However, LVQ has a lack; the training result of weight vectors is depended on the parameters 
initialization that used in LVQ. A weight vectors is important in LVQ because this vector will determined the 
data classification to the certain classes. In this research, weight vector will references to determine someone 
who diagnose as the diabetics or not. The weakness of LVQ can be resolved by optimized the weight vectors 
use a genetic algorithm (GA). GA is a searching algorithm that inspired from the natural evolution theory. 
The result of the previous research show that GA can optimize the ability of classified algorithm [13-17]. 

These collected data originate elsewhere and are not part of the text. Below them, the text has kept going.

(* Let $r \geq 1$ be an integer. Call an $m \times n$ matrix $A$ with entries in $\{0,1\}$ a "good" group testing matrix if (1) for every $0$-$1$ vector $x \in \{0,1\}^n$ with at most $k=1$ nonzero entry, $x$ is uniquely determined by the Boolean test outcome vector $y \in \{0,1\}^m$ defined by $y_i = \max_{1 \le j \le n} A_{i,j} x_j$ (i.e. $y_i = 1$ if and only if some positive element $j$ has $A_{i,j}=1$), and (2) every row of $A$ contains at most $r$ entries equal to $1$. Then there exists a good group testing matrix with $m = r$ and $n = \frac{r(r+1)}{2}$, so that $\frac{n}{m} = \frac{r+1}{2}$. Moreover, there is no good group testing matrix of any dimension $m \times n$ with $\frac{n}{m} > \frac{r+1}{2}$.
   Context: Non-adaptive group testing: there are $n$ subjects and $m$ pooled tests, encoded by a $0$-$1$ pooling matrix $A$ with $A_{i,j}=1$ iff subject $j$'s sample is included in test $i$. A test is positive iff it contains at least one positive subject. "Correctly infer the status of each of the $n$ elements whenever there is at most one positive element" means the map from the set of status vectors with at most one positive entry to test outcome vectors is injective. The row constraint (at most $r$ ones per row) models the dilution constraint that at most $r$ samples can be pooled together. *)

theory Defs
  imports Complex_Main
begin

text \<open>A 0-1 matrix of size m x n is represented by A :: nat => nat => bool, where
  A i j (for i < m, j < n) means the entry A_{i,j} equals 1. Entries outside the
  index range are irrelevant.\<close>

definition status_vectors :: "nat \<Rightarrow> (nat \<Rightarrow> bool) set" where
  "status_vectors n = {x. (\<forall>j. x j \<longrightarrow> j < n) \<and> card {j. x j} \<le> 1}"

definition outcome :: "nat \<Rightarrow> nat \<Rightarrow> (nat \<Rightarrow> nat \<Rightarrow> bool) \<Rightarrow> (nat \<Rightarrow> bool) \<Rightarrow> (nat \<Rightarrow> bool)" where
  "outcome m n A x = (\<lambda>i. i < m \<and> (\<exists>j<n. A i j \<and> x j))"

definition good_gt_matrix :: "nat \<Rightarrow> nat \<Rightarrow> nat \<Rightarrow> (nat \<Rightarrow> nat \<Rightarrow> bool) \<Rightarrow> bool" where
  "good_gt_matrix r m n A \<longleftrightarrow>
     inj_on (outcome m n A) (status_vectors n) \<and>
     (\<forall>i<m. card {j. j < n \<and> A i j} \<le> r)"

end

theory Submission
  imports Defs
begin

text \<open>A matrix detects one positive element exactly when its column supports are nonempty and
  pairwise distinct, so good matrices with n columns are the same as families of n distinct
  nonempty subsets of the m tests in which every test lies in at most r members. For such a
  family, the members of size one are at most m in number and the others have size at least
  two; double counting the incidences against the row bound gives
  2n \<le> \<Sum>|S| + #{singletons} \<le> rm + m. The bound is attained by the family of all subsets of
  {0,..,r-1} of size one or two: there are r + r(r-1)/2 = r(r+1)/2 of them, and each test
  lies in {i} and in the r-1 pairs {i,k}.\<close>

definition col_support :: "nat \<Rightarrow> (nat \<Rightarrow> nat \<Rightarrow> bool) \<Rightarrow> nat \<Rightarrow> nat set" where
  "col_support m A j = {i. i < m \<and> A i j}"

lemma status_vectors_eq: "status_vectors n = insert (\<lambda>_. False) ((\<lambda>j l. l = j) ` {..<n})"
proof (intro equalityI subsetI)
  fix x assume x: "x \<in> status_vectors n"
  then have "{j. x j} \<subseteq> {..<n}" and "card {j. x j} \<le> Suc 0"
    unfolding status_vectors_def by auto
  then have "\<forall>a\<in>{j. x j}. \<forall>b\<in>{j. x j}. a = b"
    using card_le_Suc0_iff_eq finite_subset by blast
  with \<open>{j. x j} \<subseteq> {..<n}\<close> show "x \<in> insert (\<lambda>_. False) ((\<lambda>j l. l = j) ` {..<n})"
  proof (cases "\<exists>j. x j")
    case True
    then obtain j where "x j" by blast
    with \<open>\<forall>a\<in>{j. x j}. \<forall>b\<in>{j. x j}. a = b\<close> have "x = (\<lambda>l. l = j)"
      by (auto simp: fun_eq_iff)
    with \<open>x j\<close> \<open>{j. x j} \<subseteq> {..<n}\<close> show ?thesis by auto
  qed (auto simp: fun_eq_iff)
qed (auto simp: status_vectors_def)

lemma outcome_zero: "outcome m n A (\<lambda>_. False) = (\<lambda>_. False)"
  by (simp add: outcome_def)

lemma outcome_unit: "j < n \<Longrightarrow> outcome m n A (\<lambda>l. l = j) = (\<lambda>i. i \<in> col_support m A j)"
  by (auto simp: outcome_def col_support_def)

lemma inj_on_outcome_iff:
  "inj_on (outcome m n A) (status_vectors n) \<longleftrightarrow>
     inj_on (col_support m A) {..<n} \<and> (\<forall>j<n. col_support m A j \<noteq> {})"
proof -
  let ?e = "\<lambda>j l. l = j"
  have e_inj: "inj_on ?e {..<n}"
    by (auto simp: inj_on_def fun_eq_iff)
  have "inj_on (outcome m n A) (?e ` {..<n}) \<longleftrightarrow> inj_on (outcome m n A \<circ> ?e) {..<n}"
    by (rule comp_inj_on_iff[OF e_inj])
  also have "\<dots> \<longleftrightarrow> inj_on (col_support m A) {..<n}"
    by (auto simp: inj_on_def outcome_unit fun_eq_iff set_eq_iff)
  finally have units: "inj_on (outcome m n A) (?e ` {..<n}) \<longleftrightarrow> inj_on (col_support m A) {..<n}" .
  have "(\<lambda>_. False) \<notin> ?e ` {..<n}"
    by (auto simp: fun_eq_iff)
  moreover have "(\<lambda>_. False) \<in> outcome m n A ` ?e ` {..<n} \<longleftrightarrow> (\<exists>j<n. col_support m A j = {})"
    by (auto simp: outcome_unit fun_eq_iff image_iff)
  ultimately show ?thesis
    unfolding status_vectors_eq using units by (auto simp: outcome_zero)
qed

lemma good_gt_matrix_iff:
  "good_gt_matrix r m n A \<longleftrightarrow>
     inj_on (col_support m A) {..<n} \<and> (\<forall>j<n. col_support m A j \<noteq> {}) \<and>
     (\<forall>i<m. card {j. j < n \<and> A i j} \<le> r)"
  by (simp add: good_gt_matrix_def inj_on_outcome_iff)

lemma sum_card_eq_sum_degree:
  assumes "finite M" and "\<forall>S\<in>F. S \<subseteq> M"
  shows "(\<Sum>S\<in>F. card S) = (\<Sum>i\<in>M. card {S\<in>F. i \<in> S})"
proof -
  have fin: "finite F"
    using assms by (meson Pow_iff finite_Pow_iff finite_subset subsetI)
  have "{i\<in>M. i \<in> S} = S" if "S \<in> F" for S
    using that assms(2) by blast
  then have "(\<Sum>S\<in>F. card S) = (\<Sum>S\<in>F. \<Sum>i\<in>{i\<in>M. i \<in> S}. 1)"
    by simp
  also have "\<dots> = (\<Sum>i\<in>M. \<Sum>S\<in>{S\<in>F. i \<in> S}. 1)"
    by (rule sum.swap_restrict[OF fin assms(1)])
  finally show ?thesis by simp
qed

lemma card_family_of_nonempty_subsets_le:
  assumes "finite M" and sub: "\<forall>S\<in>F. S \<noteq> {} \<and> S \<subseteq> M"
    and deg: "\<forall>i\<in>M. card {S\<in>F. i \<in> S} \<le> r"
  shows "2 * card F \<le> (r + 1) * card M"
proof -
  have fin: "finite F"
    using assms by (meson Pow_iff finite_Pow_iff finite_subset subsetI)
  define F1 where "F1 = {S\<in>F. card S = 1}"
  have "F1 \<subseteq> (\<lambda>i. {i}) ` M"
    using sub by (auto simp: F1_def card_1_singleton_iff)
  then have F1_le: "card F1 \<le> card M"
    using \<open>finite M\<close> card_image_le card_mono finite_imageI le_trans by metis
  have "2 * card F = (\<Sum>S\<in>F. 2)"
    by simp
  also have "\<dots> \<le> (\<Sum>S\<in>F. card S + (if card S = 1 then 1 else 0))"
  proof (rule sum_mono)
    fix S assume "S \<in> F"
    then have "card S \<noteq> 0"
      using sub \<open>finite M\<close> finite_subset by fastforce
    then show "2 \<le> card S + (if card S = 1 then 1 else 0)"
      by auto
  qed
  also have "\<dots> = (\<Sum>S\<in>F. card S) + card F1"
    using fin by (simp add: sum.distrib F1_def flip: sum.inter_filter)
  also have "(\<Sum>S\<in>F. card S) = (\<Sum>i\<in>M. card {S\<in>F. i \<in> S})"
    using \<open>finite M\<close> sub by (intro sum_card_eq_sum_degree) auto
  also have "\<dots> \<le> card M * r"
    using deg by (auto intro: sum_bounded_above[where K = r, simplified])
  finally show ?thesis
    using F1_le by (simp add: algebra_simps)
qed

lemma good_gt_matrix_card_le:
  assumes "good_gt_matrix r m n A"
  shows "2 * n \<le> (r + 1) * m"
proof -
  let ?F = "col_support m A ` {..<n}"
  have inj: "inj_on (col_support m A) {..<n}"
    and nonempty: "\<forall>j<n. col_support m A j \<noteq> {}"
    and rows: "\<forall>i<m. card {j. j < n \<and> A i j} \<le> r"
    using assms by (auto simp: good_gt_matrix_iff)
  have "card {S\<in>?F. i \<in> S} \<le> r" if "i < m" for i
  proof -
    have "{S\<in>?F. i \<in> S} = col_support m A ` {j. j < n \<and> A i j}"
      using \<open>i < m\<close> by (auto simp: col_support_def)
    then have "card {S\<in>?F. i \<in> S} \<le> card {j. j < n \<and> A i j}"
      by (simp add: card_image_le)
    with rows \<open>i < m\<close> show ?thesis by (meson le_trans)
  qed
  moreover have "\<forall>S\<in>?F. S \<noteq> {} \<and> S \<subseteq> {..<m}"
    using nonempty by (auto simp: col_support_def)
  ultimately have "2 * card ?F \<le> (r + 1) * card {..<m}"
    by (intro card_family_of_nonempty_subsets_le) auto
  then show ?thesis
    using inj by (simp add: card_image)
qed

lemma good_gt_matrix_of_family:
  assumes "finite F" and sub: "\<forall>S\<in>F. S \<noteq> {} \<and> S \<subseteq> {..<m}"
    and deg: "\<forall>i<m. card {S\<in>F. i \<in> S} \<le> r"
  shows "\<exists>A. good_gt_matrix r m (card F) A"
proof -
  obtain f where f: "bij_betw f {..<card F} F"
    using ex_bij_betw_nat_finite[OF \<open>finite F\<close>] by (auto simp: atLeast0LessThan)
  define A where "A i j \<longleftrightarrow> i \<in> f j" for i j
  have col: "col_support m A j = f j" if "j < card F" for j
    using that f sub by (auto simp: A_def col_support_def bij_betw_def)
  have "inj_on (col_support m A) {..<card F}"
    using f col by (auto simp: bij_betw_def inj_on_def)
  moreover have "\<forall>j<card F. col_support m A j \<noteq> {}"
    using f sub col by (metis bij_betwE lessThan_iff)
  moreover have "card {j. j < card F \<and> A i j} \<le> r" if "i < m" for i
  proof -
    have "{j. j < card F \<and> A i j} \<subseteq> {..<card F}"
      by auto
    then have "card {j. j < card F \<and> A i j} = card (f ` {j. j < card F \<and> A i j})"
      using f by (metis bij_betw_def card_image inj_on_subset)
    also have "f ` {j. j < card F \<and> A i j} = {S\<in>F. i \<in> S}"
      using f by (auto simp: A_def bij_betw_def)
    finally show ?thesis
      using deg \<open>i < m\<close> by simp
  qed
  ultimately show ?thesis
    by (auto simp: good_gt_matrix_iff)
qed

definition singletons_and_pairs :: "nat \<Rightarrow> nat set set" where
  "singletons_and_pairs r = {S. S \<subseteq> {..<r} \<and> (card S = 1 \<or> card S = 2)}"

lemma card_singletons_and_pairs: "card (singletons_and_pairs r) = r * (r + 1) div 2"
proof -
  have split: "singletons_and_pairs r =
      {S. S \<subseteq> {..<r} \<and> card S = 1} \<union> {S. S \<subseteq> {..<r} \<and> card S = 2}"
    by (auto simp: singletons_and_pairs_def)
  have fin: "finite {S. S \<subseteq> {..<r} \<and> P S}" for P
    by (rule finite_subset[of _ "Pow {..<r}"]) auto
  have "card (singletons_and_pairs r) =
      card {S. S \<subseteq> {..<r} \<and> card S = 1} + card {S. S \<subseteq> {..<r} \<and> card S = 2}"
    unfolding split by (rule card_Un_disjoint[OF fin fin]) auto
  also have "\<dots> = (r choose 1) + (r choose 2)"
    by (simp only: n_subsets finite_lessThan card_lessThan)
  also have "\<dots> = r + r * (r - 1) div 2"
    by (simp add: choose_two)
  also have "\<dots> = r * (r + 1) div 2"
    by (cases r) auto
  finally show ?thesis .
qed

lemma card_singletons_and_pairs_containing:
  assumes "i < r"
  shows "card {S\<in>singletons_and_pairs r. i \<in> S} = r"
proof -
  have "{S\<in>singletons_and_pairs r. i \<in> S} = insert {i} ((\<lambda>k. {i, k}) ` ({..<r} - {i}))"
  proof (intro equalityI subsetI)
    fix S assume "S \<in> {S\<in>singletons_and_pairs r. i \<in> S}"
    then have "S \<subseteq> {..<r}" "i \<in> S" "card S = 1 \<or> card S = 2"
      by (auto simp: singletons_and_pairs_def)
    then consider "S = {i}" | k where "k \<noteq> i" "S = {i, k}"
      by (auto simp: card_1_singleton_iff card_2_iff doubleton_eq_iff)
    then show "S \<in> insert {i} ((\<lambda>k. {i, k}) ` ({..<r} - {i}))"
      using \<open>S \<subseteq> {..<r}\<close> by cases auto
  qed (use assms in \<open>auto simp: singletons_and_pairs_def\<close>)
  moreover have "inj_on (\<lambda>k. {i, k}) ({..<r} - {i})"
    by (auto simp: inj_on_def doubleton_eq_iff)
  moreover have "{i} \<notin> (\<lambda>k. {i, k}) ` ({..<r} - {i})"
    by auto
  ultimately show ?thesis
    using assms by (simp add: card_image)
qed

theorem mainTheorem1:
  fixes r :: nat
  assumes "r \<ge> 1"
  shows "(\<exists>A. good_gt_matrix r r (r * (r + 1) div 2) A) \<and>
         (\<forall>m n A. good_gt_matrix r m n A \<longrightarrow> \<not> (real n / real m > (real r + 1) / 2))"
proof (intro conjI allI impI notI)
  have "\<forall>S\<in>singletons_and_pairs r. S \<noteq> {} \<and> S \<subseteq> {..<r}"
    by (auto simp: singletons_and_pairs_def)
  moreover have "finite (singletons_and_pairs r)"
    by (simp add: singletons_and_pairs_def)
  ultimately show "\<exists>A. good_gt_matrix r r (r * (r + 1) div 2) A"
    using good_gt_matrix_of_family[of "singletons_and_pairs r" r r]
    by (simp add: card_singletons_and_pairs card_singletons_and_pairs_containing)
next
  fix m n A
  assume "good_gt_matrix r m n A" and ratio: "real n / real m > (real r + 1) / 2"
  then have "real (2 * n) \<le> real ((r + 1) * m)"
    by (simp only: of_nat_le_iff good_gt_matrix_card_le)
  then have "2 * real n \<le> (real r + 1) * real m"
    by (simp add: algebra_simps)
  moreover have "m > 0"
    using ratio by (cases m) auto
  ultimately show False
    using ratio by (simp add: field_simps)
qed

end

LVQ optimization using GA has been done in previous studies. The optimization is done by finding 
the initial value of LVQ weight vector using GA [18-19]. Although the initial value of the weight vector 
affects the LVQ result, it can not guarantee that LVQ training produces the optimal representative vector. 
The method offered in this study do the opposite, LVQ training done first, then GA is used to optimize the 
vector representative of the LVQ training results. In addition, there are also studies that optimize LVQ by 
finding directly weight vectors using GA [20]. In such techniques, the LVQ training process is not done. 
LVQ is only used in the classification process only. The method offered in this study did not eliminate the 
LVQ training process since the initial individuals used on GA derived from the LVQ training. 


2. RESEARCH METHOD 
2.1. Optimization of weight vector of LVQ using GA 

The optimize of LVQ comprise four stages. First initialize the parameter values of LVQ and GA. 
The second stage is LVQ training. The third stage is the establishments initial individual for GA. The last 
stage there is optimization using GA. The illustration of the process can be shown in equationure 1.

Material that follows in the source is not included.